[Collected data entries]
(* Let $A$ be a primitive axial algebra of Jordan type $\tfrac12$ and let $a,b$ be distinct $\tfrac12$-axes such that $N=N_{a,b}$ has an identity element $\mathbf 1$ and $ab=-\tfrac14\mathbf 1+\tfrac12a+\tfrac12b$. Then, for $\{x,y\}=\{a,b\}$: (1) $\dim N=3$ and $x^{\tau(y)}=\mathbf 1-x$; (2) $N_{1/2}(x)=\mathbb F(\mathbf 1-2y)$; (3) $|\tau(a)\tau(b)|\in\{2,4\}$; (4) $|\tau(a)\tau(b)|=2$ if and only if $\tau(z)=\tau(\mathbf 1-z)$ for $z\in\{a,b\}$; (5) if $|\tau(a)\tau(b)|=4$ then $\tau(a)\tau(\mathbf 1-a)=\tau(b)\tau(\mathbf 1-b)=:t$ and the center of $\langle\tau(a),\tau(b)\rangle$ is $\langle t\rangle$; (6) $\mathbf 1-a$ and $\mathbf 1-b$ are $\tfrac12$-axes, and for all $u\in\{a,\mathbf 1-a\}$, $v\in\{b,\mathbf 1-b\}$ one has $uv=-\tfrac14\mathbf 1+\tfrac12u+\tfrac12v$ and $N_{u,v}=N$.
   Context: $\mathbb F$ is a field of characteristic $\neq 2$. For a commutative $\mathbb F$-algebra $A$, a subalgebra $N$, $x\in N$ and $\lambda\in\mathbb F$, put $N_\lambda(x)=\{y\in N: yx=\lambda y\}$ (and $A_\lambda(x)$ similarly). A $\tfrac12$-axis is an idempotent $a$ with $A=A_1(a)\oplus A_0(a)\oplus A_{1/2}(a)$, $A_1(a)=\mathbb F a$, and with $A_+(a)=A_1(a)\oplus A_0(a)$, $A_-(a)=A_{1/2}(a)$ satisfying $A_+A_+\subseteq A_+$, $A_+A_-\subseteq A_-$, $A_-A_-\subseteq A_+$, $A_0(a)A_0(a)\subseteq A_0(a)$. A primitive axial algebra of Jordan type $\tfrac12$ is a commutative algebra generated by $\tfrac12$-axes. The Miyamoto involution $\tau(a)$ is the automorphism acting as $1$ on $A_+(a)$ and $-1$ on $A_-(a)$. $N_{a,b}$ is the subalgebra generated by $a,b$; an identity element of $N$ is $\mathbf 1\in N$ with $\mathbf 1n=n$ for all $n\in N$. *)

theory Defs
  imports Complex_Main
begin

[WORK INSTRUCTIONS]:
Retype the entries above. Match them exactly.

[ANSWER TO THE PROBLEM]:
(* Let $A$ be a primitive axial algebra of Jordan type $\tfrac12$ and let $a,b$ be distinct $\tfrac12$-axes such that $N=N_{a,b}$ has an identity element $\mathbf 1$ and $ab=-\tfrac14\mathbf 1+\tfrac12a+\tfrac12b$. Then, for $\{x,y\}=\{a,b\}$: (1) $\dim N=3$ and $x^{\tau(y)}=\mathbf 1-x$; (2) $N_{1/2}(x)=\mathbb F(\mathbf 1-2y)$; (3) $|\tau(a)\tau(b)|\in\{2,4\}$; (4) $|\tau(a)\tau(b)|=2$ if and only if $\tau(z)=\tau(\mathbf 1-z)$ for $z\in\{a,b\}$; (5) if $|\tau(a)\tau(b)|=4$ then $\tau(a)\tau(\mathbf 1-a)=\tau(b)\tau(\mathbf 1-b)=:t$ and the center of $\langle\tau(a),\tau(b)\rangle$ is $\langle t\rangle$; (6) $\mathbf 1-a$ and $\mathbf 1-b$ are $\tfrac12$-axes, and for all $u\in\{a,\mathbf 1-a\}$, $v\in\{b,\mathbf 1-b\}$ one has $uv=-\tfrac14\mathbf 1+\tfrac12u+\tfrac12v$ and $N_{u,v}=N$.
   Context: $\mathbb F$ is a field of characteristic $\neq 2$. For a commutative $\mathbb F$-algebra $A$, a subalgebra $N$, $x\in N$ and $\lambda\in\mathbb F$, put $N_\lambda(x)=\{y\in N: yx=\lambda y\}$ (and $A_\lambda(x)$ similarly). A $\tfrac12$-axis is an idempotent $a$ with $A=A_1(a)\oplus A_0(a)\oplus A_{1/2}(a)$, $A_1(a)=\mathbb F a$, and with $A_+(a)=A_1(a)\oplus A_0(a)$, $A_-(a)=A_{1/2}(a)$ satisfying $A_+A_+\subseteq A_+$, $A_+A_-\subseteq A_-$, $A_-A_-\subseteq A_+$, $A_0(a)A_0(a)\subseteq A_0(a)$. A primitive axial algebra of Jordan type $\tfrac12$ is a commutative algebra generated by $\tfrac12$-axes. The Miyamoto involution $\tau(a)$ is the automorphism acting as $1$ on $A_+(a)$ and $-1$ on $A_-(a)$. $N_{a,b}$ is the subalgebra generated by $a,b$; an identity element of $N$ is $\mathbf 1\in N$ with $\mathbf 1n=n$ for all $n\in N$. *)

theory Defs
  imports Complex_Main
begin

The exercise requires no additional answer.